DM, particularly type 2, is a global public health concern that impacts all systems of the body, including musculoskeletal tissue, through various mechanisms [4]. These mechanisms include microvascular compromise, chronic inflammation, and impaired collagen remodeling [5]. Glycated hemoglobin (HbA1c) is a validated surrogate marker, routinely used to assess long-term glycemic control, DM severity, and management efficacy. Elevated HbA1c levels have been associated with delayed wound healing and increased risk of postoperative infections [6]. Poorer orthopedic surgical outcomes in procedures such as total joint arthroplasty and spinal fusion have also been reported [7]. However, the precise influence of preoperative glycemic status, as reflected by HbA1c levels, on the outcome of RCR surgery remains inadequately defined.

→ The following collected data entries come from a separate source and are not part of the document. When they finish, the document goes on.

(* Let $q$ be a prime power and let $C\subseteq\mathrm{GF}(q^m)^n$ be a (linear or nonlinear) code with $n\le m$, $|C|=q^{mk}$ for an integer $1\le k\le n$, and minimum rank distance $d_{\mathrm R}=n-k+1$; let $r=n-k$. For an integer $u$ let $A_u$ be the number of codewords of $C$ of rank $u$. Then for every $u$ with $d_{\mathrm R}\le u\le n$, $$A_u\le{n\brack u}A(m,u-r).$$
   Context: For $\mathbf x=(x_0,\dots,x_{n-1})\in\mathrm{GF}(q^m)^n$, $\mathrm{rk}(\mathbf x)$ is the dimension over $\mathrm{GF}(q)$ of the $\mathrm{GF}(q)$-span of $x_0,\dots,x_{n-1}$; the minimum rank distance of $C$ is the minimum of $\mathrm{rk}(\mathbf c-\mathbf d)$ over distinct codewords. $A(m,0)=1$, $A(m,j)=\prod_{i=0}^{j-1}(q^m-q^i)$ for $j\ge1$, and ${n\brack u}=A(n,u)/A(u,u)$. *)

theory Defs
  imports "HOL-Analysis.Analysis"
begin

text \<open>Model: GF(q) is a finite field type 'a (q = CARD('a)); GF(q^m) is identified,
  as a GF(q)-vector space, with 'a^'m (m = CARD('m)); a word of length n is an
  element of ('a^'m)^'n (n = CARD('n)).\<close>

definition rk :: "('a::field ^ 'm) ^ 'n \<Rightarrow> nat" where
  "rk x = vec.dim (range (\<lambda>i. x $ i))"

definition min_rank_dist :: "(('a::field ^ 'm) ^ 'n) set \<Rightarrow> nat" where
  "min_rank_dist C = Min {rk (c - d) | c d. c \<in> C \<and> d \<in> C \<and> c \<noteq> d}"

definition A_fun :: "nat \<Rightarrow> nat \<Rightarrow> nat \<Rightarrow> real" where
  "A_fun q m j = (\<Prod>i<j. (real q ^ m - real q ^ i))"

definition gauss_binom :: "nat \<Rightarrow> nat \<Rightarrow> nat \<Rightarrow> real" where
  "gauss_binom q n u = A_fun q n u / A_fun q u u"

definition weight_count :: "(('a::field ^ 'm) ^ 'n) set \<Rightarrow> nat \<Rightarrow> nat" where
  "weight_count C u = card {c \<in> C. rk c = u}"

end

theory Submission
  imports Defs
begin

text \<open>A word c acts on GF(q)^n as the GF(q)-linear map a \<mapsto> \<Sum>i a_i c_i, whose image is the
  GF(q)-span of the entries of c. If rk c = u, its kernel K has dimension n - u and c is determined
  by K together with the images of a fixed basis v_1, ..., v_u of a complement of K; these images
  are linearly independent. Two codewords with kernel K whose images agree on v_1, ..., v_(u-r)
  differ by a word of rank at most r < d_R, so at most A(m, u - r) codewords of rank u have kernel K.
  Counting ordered bases shows that there are A(n, n-u) / A(n-u, n-u) = [n, u] subspaces of
  dimension n - u, which gives the bound.\<close>

lemma span_Int_span_Diff:
  fixes B B' :: "('a::field ^ 'n) set"
  assumes B': "vec.independent B'" and sub: "B \<subseteq> B'"
  shows "vec.span B \<inter> vec.span (B' - B) = {0}"
proof -
  have fin: "finite B'" using B' by (rule vec.finiteI_independent)
  have "vec.dim (vec.span B) + vec.dim (vec.span (B' - B)) = card B'"
    using B' sub fin vec.independent_mono[OF B', of B] vec.independent_mono[OF B', of "B' - B"]
    by (simp add: vec.dim_eq_card_independent card_Diff_subset finite_subset card_mono)
  moreover have "{x + y |x y. x \<in> vec.span B \<and> y \<in> vec.span (B' - B)} = vec.span B'"
    using sub by (simp add: vec.span_Un[symmetric] Un_absorb1)
  ultimately have "vec.dim (vec.span B \<inter> vec.span (B' - B)) = 0"
    using vec.dim_sums_Int[OF vec.subspace_span vec.subspace_span, of B "B' - B"]
      vec.dim_eq_card_independent[OF B'] by simp
  then show ?thesis
    using vec.span_zero by auto
qed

Recent literature suggests that hyperglycemia may adversely affect tendon biology by reducing fibroblast activity, impairing collagen cross-linking, and ultimately compromising the healing interface between tendon and bone [8]. These biochemical and cellular changes may result in weaker repairs, bringing a higher risk of structural failure. Moreover, poorly controlled DM is associated with greater postoperative complication rates, including adhesive capsulitis, infection, and longer rehabilitation timelines [9]. In contrast, patients with well-controlled DM may experience comparable outcomes to their non-diabetic counterparts, underscoring the potential modifiability of this risk factor.
Therefore, understanding the association between HbA1c levels and RCR outcomes is essential. This is especially true in tertiary care settings, where complex and comorbid patient populations are common. The identification of a clinically relevant HbA1c threshold that correlates with adverse outcomes would be an important therapeutic advance. Such a threshold could inform preoperative risk stratification, enabling the optimization of perioperative management and facilitating surgical success. Additionally, this strategy could support the implementation of tailored perioperative protocols, including multidisciplinary glycemic optimization before elective RCR procedures.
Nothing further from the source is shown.